In general, the properties of iHS and ALnLH_{p }were similar when the recombination rate was constant (Figure 1). The power of both tests increased substantially with the size of the simulated region out to 400 Kb, beyond which there was little improvement, as shown in Figure 1b. Both statistics performed very well even at low critical levels, with an average power of over 0.9 at the 0.01 level (Figure 1c). The statistics also perform well across the range of allele frequencies we tested, with an average power of over 0.8 at the 0.01 level for allele frequencies between 0.2 and 0.8 (Figure 1a). Both statistics maintained high power across all of our demographic models, though iHS was more sensitive to expansions, bottlenecks, and migration (Figure 2). The performance of the statistics diverged when we introduced variable recombination rates to the models. While both tests were negatively impacted, the effect on ALnLH_{p }was much greater, as shown in Figure 3. On average, the power of ALnLH_{p }dropped by 46%, while iHS dropped by only 8% for (Figure 3). This directly reflects the strength of the internal controls for local recombination rates within each test. For iHS, there is no measure of global recombination rate, and the measurement of LD is based solely on the relative difference in LD between the two alleles at each site [5]. For ALnLH_{p}, the global recombination rate is based on the observed decay of LD at G6PD and the genome deviation from the G6PD model [4]. The test controls for local recombination rate by ignoring all sites where the observed LD is greater than 1 standard deviation above the mean for both alleles.
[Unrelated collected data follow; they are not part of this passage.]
lemma is_tree_delete_pendant:
  assumes tree: "is_tree V E" and deg: "degree V E u = 1" and a: "a \<in> V" "a \<noteq> u"
  shows "is_tree (V - {u}) (edges_avoiding E u)"
  unfolding is_tree_def
proof (intro conjI)
  have sg: "simple_graph V E" and con: "connected_graph V E" and acyc: "\<nexists>xs. is_cycle E xs"
    using tree unfolding is_tree_def by auto
  show "simple_graph (V - {u}) (edges_avoiding E u)"
    using sg unfolding simple_graph_def edges_avoiding_def sym_def by auto
  show "connected_graph (V - {u}) (edges_avoiding E u)"
    unfolding connected_graph_def
  proof (intro conjI ballI)
    show "V - {u} \<noteq> {}" using a by auto
    fix r s assume rs: "r \<in> V - {u}" "s \<in> V - {u}"
    then obtain xs where "is_path E r s xs" using con unfolding connected_graph_def by blast
    then show "\<exists>xs. is_path (edges_avoiding E u) r s xs"
      using is_path_edges_avoiding_pendant_iff[OF sg deg, of r s] rs by auto
  qed
  show "\<nexists>xs. is_cycle (edges_avoiding E u) xs"
  proof
    assume "\<exists>xs. is_cycle (edges_avoiding E u) xs"
    then obtain xs where "is_cycle (edges_avoiding E u) xs" ..
    then have "is_cycle E xs"
      unfolding is_cycle_def edges_avoiding_def by (auto elim: walk_mono)
    with acyc show False by blast
  qed
qed
(* Assume the setting below. For every $i\in\mathbb{N}$ let $Y_i,Y_i'\subseteq X_i\setminus\{o\}$ be non-empty disjoint subsets, let $\mathcal{Y}=\prod_{i\ge1}Y_i$, $\mathcal{Y}'=\prod_{i\ge1}Y_i'$ (with the product topology of the discrete finite sets), and let $m_j$ denote the maximal order of an element of $A_j$. Suppose that for every $n\in\mathbb{N}$ there is some $j$ with \[|Y_j|\,|Y_j'|>n\,m_j\,(|Y_j|+|Y_j'|).\] Then the set of shrinking pairs $(\alpha,\beta)$ is dense in $\mathcal{Y}\times\mathcal{Y}'$.
   Context: Setting: $Q,G$ are groups and $X=(X_n)_{n\in\mathbb{N}}$ is a sequence of finite sets with $|X_n|\ge2$, each with actions of $Q$ and $G$; $Q_n,G_n\subseteq\mathrm{Sym}(X_n)$ are the images and $A_n=\langle Q_n,G_n\rangle$. Assume for all $n$: (A1) $G,Q$ finitely generated; (A2) $Q$ perfect; (A3) $A_n$ is transitive on $X_n$ and generated by the $G_n$-conjugates of $Q_n$. $\mathcal{T}_j$ is the rooted tree of finite words $x_j\cdots x_k$ ($x_i\in X_i$), $\mathrm{Aut}(\mathcal{T}_j)$ its root-fixing automorphisms; sections $h|_u\in\mathrm{Aut}(\mathcal{T}_{j+\ell})$ (for $u$ of level $\ell$) are defined by $h(uv)=h(u)h|_u(v)$. $A_j$ acts by rooted automorphisms $a\cdot x_jx_{j+1}\cdots x_k=(ax_j)x_{j+1}\cdots x_k$ and is identified with its image; $q_j,g_j$ denote images of $q\in Q,g\in G$ in $A_j$. A point $o\in X_i$ is fixed in each $X_i$; $\mathcal{S}=\prod_{i\ge1}(X_i\setminus\{o\})$. For $\alpha\in\mathcal{S}$, $q\in Q$, $\tilde q^\alpha_{[j]}\in\mathrm{Aut}(\mathcal{T}_j)$ acts trivially on the first level with section at $x\in X_j$ equal to $\tilde q^\alpha_{[j+1]}$ if $x=o$, $q_{j+1}$ if $x=\alpha_j$, identity otherwise; analogously $\tilde g^\beta_{[j]}$ for $\beta\in\mathcal{S}$, $g\in G$. $\tilde Q^\alpha_{[j]},\tilde G^\beta_{[j]}$ are the sets of these elements, $\Gamma_j^{\alpha,\beta}=\langle A_j,\tilde Q^\alpha_{[j]},\tilde G^\beta_{[j]}\rangle$, and $\tilde B^{\alpha,\beta}_j=\tilde Q^\alpha_{[j]}\tilde G^\beta_{[j]}$. Stabilized sections: for $g\in\mathrm{Aut}(\mathcal{T}_j)$ and a vertex $u$, $\ell_u(g)$ is the length of the orbit of $u$ under $\langle g\rangle$ and $g\Vert_u=g^{\ell_u(g)}|_u$. A pair $(\alpha,\beta)\in\mathcal{S}^2$ is shrinking if $\alpha_j\ne\beta_j$ for all $j$ and for each $\gamma\in\Gamma_1^{\alpha,\beta}$ there is $k\in\mathbb{N}$ such that for every vertex $x$ of level $k$ of $\mathcal{T}_1$, $\gamma\Vert_x$ lies in $\tilde B^{\alpha,\beta}_{k+1}$ or in $A_{k+1}$. *)

theory Defs
  imports "HOL-Analysis.Analysis" "HOL-Algebra.Group_Action" "HOL-Algebra.Multiplicative_Group"
    "HOL-Algebra.Generated_Groups"
begin

(* Levels are indexed by positive naturals n \<ge> 1; X n is the alphabet at level n.
   A vertex of the tree T_j is a word x_j x_{j+1} ... x_k, represented as a list whose
   i-th entry (0-based) lies in X (j+i). *)
definition wordT :: "(nat \<Rightarrow> 'x set) \<Rightarrow> nat \<Rightarrow> 'x list \<Rightarrow> bool" where
  "wordT X j w \<longleftrightarrow> (\<forall>i<length w. w ! i \<in> X (j + i))"

(* Rooted (root-fixing) automorphisms of T_j, normalised to be the identity on non-words. *)
definition Aut :: "(nat \<Rightarrow> 'x set) \<Rightarrow> nat \<Rightarrow> ('x list \<Rightarrow> 'x list) set" where
  "Aut X j = {h. (\<forall>w. wordT X j w \<longrightarrow> wordT X j (h w) \<and> length (h w) = length w)
              \<and> (\<forall>u v. wordT X j (u @ v) \<longrightarrow> take (length u) (h (u @ v)) = h u)
              \<and> bij_betw h {w. wordT X j w} {w. wordT X j w}
              \<and> (\<forall>w. \<not> wordT X j w \<longrightarrow> h w = w)}"

definition autgrp :: "(nat \<Rightarrow> 'x set) \<Rightarrow> nat \<Rightarrow> ('x list \<Rightarrow> 'x list) monoid" where
  "autgrp X j = \<lparr>carrier = Aut X j, mult = (\<circ>), one = id\<rparr>"

(* Section h|_u \<in> Aut(T_{j+|u|}):  h(uv) = h(u) h|_u(v) *)
definition sect :: "(nat \<Rightarrow> 'x set) \<Rightarrow> nat \<Rightarrow> ('x list \<Rightarrow> 'x list) \<Rightarrow> 'x list \<Rightarrow> ('x list \<Rightarrow> 'x list)" where
  "sect X j h u = (\<lambda>v. if wordT X (j + length u) v then drop (length u) (h (u @ v)) else v)"

definition orblen :: "('x list \<Rightarrow> 'x list) \<Rightarrow> 'x list \<Rightarrow> nat" where
  "orblen h u = (LEAST n. 0 < n \<and> (h ^^ n) u = u)"

definition stsect :: "(nat \<Rightarrow> 'x set) \<Rightarrow> nat \<Rightarrow> ('x list \<Rightarrow> 'x list) \<Rightarrow> 'x list \<Rightarrow> ('x list \<Rightarrow> 'x list)" where
  "stsect X j h u = sect X j (h ^^ orblen h u) u"

definition Agrp :: "(nat \<Rightarrow> 'x set) \<Rightarrow> (nat \<Rightarrow> 'q \<Rightarrow> 'x \<Rightarrow> 'x) \<Rightarrow> (nat \<Rightarrow> 'g \<Rightarrow> 'x \<Rightarrow> 'x)
    \<Rightarrow> ('q, 'c) monoid_scheme \<Rightarrow> ('g, 'd) monoid_scheme \<Rightarrow> nat \<Rightarrow> ('x \<Rightarrow> 'x) set" where
  "Agrp X actQ actG Q G n = generate (BijGroup (X n)) (actQ n ` carrier Q \<union> actG n ` carrier G)"

definition maxord :: "(nat \<Rightarrow> 'x set) \<Rightarrow> (nat \<Rightarrow> 'q \<Rightarrow> 'x \<Rightarrow> 'x) \<Rightarrow> (nat \<Rightarrow> 'g \<Rightarrow> 'x \<Rightarrow> 'x)
    \<Rightarrow> ('q, 'c) monoid_scheme \<Rightarrow> ('g, 'd) monoid_scheme \<Rightarrow> nat \<Rightarrow> nat" where
  "maxord X actQ actG Q G j = Max (group.ord (BijGroup (X j)) ` Agrp X actQ actG Q G j)"

definition embA :: "(nat \<Rightarrow> 'x set) \<Rightarrow> nat \<Rightarrow> ('x \<Rightarrow> 'x) \<Rightarrow> 'x list \<Rightarrow> 'x list" where
  "embA X j a w = (if wordT X j w \<and> w \<noteq> [] then a (hd w) # tl w else w)"

(* recursive description of  \<tilde>q^\<alpha>_[j]  where f n is the image q_n of q in A_n:
   trivial on the first level; section at ox is \<tilde>q^\<alpha>_[j+1], at \<alpha>_j it is q_{j+1},
   identity elsewhere *)
fun tilraw :: "(nat \<Rightarrow> 'x \<Rightarrow> 'x) \<Rightarrow> (nat \<Rightarrow> 'x) \<Rightarrow> (nat \<Rightarrow> 'x) \<Rightarrow> nat \<Rightarrow> 'x list \<Rightarrow> 'x list" where
  "tilraw f ox \<alpha> j [] = []"
| "tilraw f ox \<alpha> j (x # w) =
     (if x = ox j then x # tilraw f ox \<alpha> (Suc j) w
      else if x = \<alpha> j then x # (case w of [] \<Rightarrow> [] | y # w' \<Rightarrow> f (Suc j) y # w')
      else x # w)"

definition til :: "(nat \<Rightarrow> 'x set) \<Rightarrow> nat \<Rightarrow> (nat \<Rightarrow> 'x \<Rightarrow> 'x) \<Rightarrow> (nat \<Rightarrow> 'x) \<Rightarrow> (nat \<Rightarrow> 'x)
    \<Rightarrow> 'x list \<Rightarrow> 'x list" where
  "til X j f ox \<alpha> = (\<lambda>w. if wordT X j w then tilraw f ox \<alpha> j w else w)"

definition Til :: "(nat \<Rightarrow> 'x set) \<Rightarrow> (nat \<Rightarrow> 'q \<Rightarrow> 'x \<Rightarrow> 'x) \<Rightarrow> ('q, 'c) monoid_scheme
    \<Rightarrow> (nat \<Rightarrow> 'x) \<Rightarrow> (nat \<Rightarrow> 'x) \<Rightarrow> nat \<Rightarrow> ('x list \<Rightarrow> 'x list) set" where
  "Til X act Q ox \<alpha> j = {til X j (\<lambda>n. act n q) ox \<alpha> | q. q \<in> carrier Q}"

definition Btil :: "(nat \<Rightarrow> 'x set) \<Rightarrow> (nat \<Rightarrow> 'q \<Rightarrow> 'x \<Rightarrow> 'x) \<Rightarrow> (nat \<Rightarrow> 'g \<Rightarrow> 'x \<Rightarrow> 'x)
    \<Rightarrow> ('q, 'c) monoid_scheme \<Rightarrow> ('g, 'd) monoid_scheme \<Rightarrow> (nat \<Rightarrow> 'x)
    \<Rightarrow> (nat \<Rightarrow> 'x) \<Rightarrow> (nat \<Rightarrow> 'x) \<Rightarrow> nat \<Rightarrow> ('x list \<Rightarrow> 'x list) set" where
  "Btil X actQ actG Q G ox \<alpha> \<beta> j =
     {a \<circ> b | a b. a \<in> Til X actQ Q ox \<alpha> j \<and> b \<in> Til X actG G ox \<beta> j}"

definition Gam :: "(nat \<Rightarrow> 'x set) \<Rightarrow> (nat \<Rightarrow> 'q \<Rightarrow> 'x \<Rightarrow> 'x) \<Rightarrow> (nat \<Rightarrow> 'g \<Rightarrow> 'x \<Rightarrow> 'x)
    \<Rightarrow> ('q, 'c) monoid_scheme \<Rightarrow> ('g, 'd) monoid_scheme \<Rightarrow> (nat \<Rightarrow> 'x)
    \<Rightarrow> (nat \<Rightarrow> 'x) \<Rightarrow> (nat \<Rightarrow> 'x) \<Rightarrow> nat \<Rightarrow> ('x list \<Rightarrow> 'x list) set" where
  "Gam X actQ actG Q G ox \<alpha> \<beta> j =
     generate (autgrp X j) (embA X j ` Agrp X actQ actG Q G j
                             \<union> Til X actQ Q ox \<alpha> j \<union> Til X actG G ox \<beta> j)"

definition inS :: "(nat \<Rightarrow> 'x set) \<Rightarrow> (nat \<Rightarrow> 'x) \<Rightarrow> (nat \<Rightarrow> 'x) \<Rightarrow> bool" where
  "inS X ox \<alpha> \<longleftrightarrow> (\<forall>i\<ge>1. \<alpha> i \<in> X i - {ox i})"

definition shrinking :: "(nat \<Rightarrow> 'x set) \<Rightarrow> (nat \<Rightarrow> 'q \<Rightarrow> 'x \<Rightarrow> 'x) \<Rightarrow> (nat \<Rightarrow> 'g \<Rightarrow> 'x \<Rightarrow> 'x)
    \<Rightarrow> ('q, 'c) monoid_scheme \<Rightarrow> ('g, 'd) monoid_scheme \<Rightarrow> (nat \<Rightarrow> 'x)
    \<Rightarrow> (nat \<Rightarrow> 'x) \<Rightarrow> (nat \<Rightarrow> 'x) \<Rightarrow> bool" where
  "shrinking X actQ actG Q G ox \<alpha> \<beta> \<longleftrightarrow>
     inS X ox \<alpha> \<and> inS X ox \<beta> \<and> (\<forall>j\<ge>1. \<alpha> j \<noteq> \<beta> j) \<and>
     (\<forall>\<gamma> \<in> Gam X actQ actG Q G ox \<alpha> \<beta> 1. \<exists>k\<ge>1. \<forall>x. wordT X 1 x \<and> length x = k \<longrightarrow>
         stsect X 1 \<gamma> x \<in> Btil X actQ actG Q G ox \<alpha> \<beta> (k + 1)
                            \<union> embA X (k + 1) ` Agrp X actQ actG Q G (k + 1))"

end

theory Submission
  imports Defs
begin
Therefore, positive selection is difficult to detect in regions with high recombination rates, as discussed by Wang et al.[4] in their analysis of positive selection at the DRD4 gene.
Figure 2. Power to detect selection from singlesite statistics for various demographic models with a constant recombination rate. All statistics perform well under all 4 population histories. The only statistic notably sensitive to population history was iHS, which performed particularly well in models with expansion and relatively worse in models with bottlenecks and migration. The simulated region was 1 Mb in length with an equal proportion of allele frequencies 0.2, 0.4, 0.6, and 0.8 for the favored allele at a significance level of 0.01.
Figure 3. Effects of variable recombination rate on the power of selection statistics. The variable recombination rate reduced the power of iHS by 8% and the power of ALnLH_{p }by 46%. The locus recombination rate for each simulation was set to an exponential random variate with mean equal to 1 cm/Mb. For other simulation parameters, see Figure 2.
For the results presented above, we calculated a statistic for each SNP and evaluated the power to detect selection, with the null hypothesis of neutrality and the alternative hypothesis of strong positive selection acting on the SNP in question. This is an appropriate test for positive selection when the investigator has a prior hypothesis about the potential influence of natural selection and when there are a small number of candidate loci. However, as we demonstrate below, when this simple strategy is applied to an uninformed scan across the genome, it introduces a multiple testing problem that heavily weights the significant results toward false positives. The testing methodology that Voight et al. [5] employed for iHS addresses this problem by binning the genome into 100 Kb segments, and then calculating the fraction of SNPs in each segment with iHS greater than 2.0 as their test statistic. This approach takes advantage of the tight linkage of genetic hitchhikers near the favored locus to reduce the number of tests from the number of SNPs in the study to the number of 100 Kb regions in the genome. Their candidate genes were those in regions with the highest fraction of significant iHS scores, taking the top 1% of the empirical distribution. By lowering the criteria for a significant iHS score and considering the total fraction of significant results, they were able to test each 100 Kb region one time at the 0.01 level. In contrast, Wang et al. set a higher threshold for a significant result and tested each SNP individually, taking the top 1.6% of the distribution. All genes within 100 Kb of a significant result were included as candidate genes, which resulted in potentially hundreds of tests at the 0.016 level for each 200 Kb region [4].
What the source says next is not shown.